• Exercise brief: Reading the records below, find how many lines include the word "within" and give that number alone.

• Data to examine:
lemma gronwall_decaying_rate_le:
  fixes \<Phi> \<Phi>' :: "real \<Rightarrow> real"
  assumes T: "0 \<le> T" and \<omega>: "0 \<le> \<omega>" and c: "0 \<le> c0" "0 \<le> c1"
    and d\<Phi>: "\<And>t. t \<in> {0..T} \<Longrightarrow> (\<Phi> has_real_derivative \<Phi>' t) (at t within {0..})"
    and le: "\<And>t. t \<in> {0..T} \<Longrightarrow> \<Phi>' t + \<omega> * (T - t) * \<Phi> t \<le> (T - t) * (c0 + c1 * (T - t)\<^sup>2)"
  shows "\<Phi> T \<le> inverse (exp (\<omega> * T\<^sup>2 / 2)) * \<Phi> 0 + c0 * T\<^sup>2 / 2 + c1 * T ^ 4 / 4"
proof -
  \<comment> \<open>\<open>\<Psi>\<close> is \<open>\<Phi>\<close> with the integrating factor of the rate \<open>\<omega> (T - t)\<close>, minus the integrated source.\<close>
  define budget where "budget t = c0 * (T * t - t\<^sup>2 / 2) + c1 * (T ^ 4 - (T - t) ^ 4) / 4" for t
  define \<Psi> where "\<Psi> = (\<lambda>t. exp (\<omega> * (T * t - t\<^sup>2 / 2)) * \<Phi> t - exp (\<omega> * T\<^sup>2 / 2) * budget t)"
  define \<Psi>' where "\<Psi>' t = exp (\<omega> * (T * t - t\<^sup>2 / 2)) * (\<Phi>' t + \<omega> * (T - t) * \<Phi> t)
    - exp (\<omega> * T\<^sup>2 / 2) * ((T - t) * (c0 + c1 * (T - t)\<^sup>2))" for t
  have "\<Psi> T \<le> \<Psi> 0"
  proof (rule has_real_derivative_nonpos_imp_le[where a = 0 and b = T and f = \<Psi> and S = "{0..}"])
    fix t assume t: "t \<in> {0..T}"
    show "(\<Psi> has_real_derivative \<Psi>' t) (at t within {0..})"
      unfolding \<Psi>_def \<Psi>'_def budget_def
      by (rule derivative_eq_intros d\<Phi>[OF t] refl | simp add: field_simps power2_eq_square power3_eq_cube)+
    define E where "E = exp (\<omega> * (T * t - t\<^sup>2 / 2))"
    have "T * t - t\<^sup>2 / 2 \<le> T\<^sup>2 / 2" using sum_power2_ge_zero[of "T - t" 0]
      by (simp add: power2_eq_square algebra_simps)
    from mult_left_mono[OF this \<omega>]
    have "E \<le> exp (\<omega> * T\<^sup>2 / 2)" unfolding E_def by simp
    then have "E * ((T - t) * (c0 + c1 * (T - t)\<^sup>2)) \<le> exp (\<omega> * T\<^sup>2 / 2) * ((T - t) * (c0 + c1 * (T - t)\<^sup>2))"
      using t c by (intro mult_right_mono) auto
    moreover have "E * (\<Phi>' t + \<omega> * (T - t) * \<Phi> t) \<le> E * ((T - t) * (c0 + c1 * (T - t)\<^sup>2))"
      using le[OF t] unfolding E_def by simp
    ultimately show "\<Psi>' t \<le> 0" unfolding \<Psi>'_def E_def[symmetric] by linarith
  qed (use T in auto)
  moreover have "\<Psi> 0 = \<Phi> 0" "\<Psi> T = exp (\<omega> * T\<^sup>2 / 2) * (\<Phi> T - (c0 * T\<^sup>2 / 2 + c1 * T ^ 4 / 4))"
    unfolding \<Psi>_def budget_def by (simp_all add: algebra_simps power2_eq_square)
  ultimately show ?thesis by (simp add: field_simps)
qed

• Solution to this problem: 2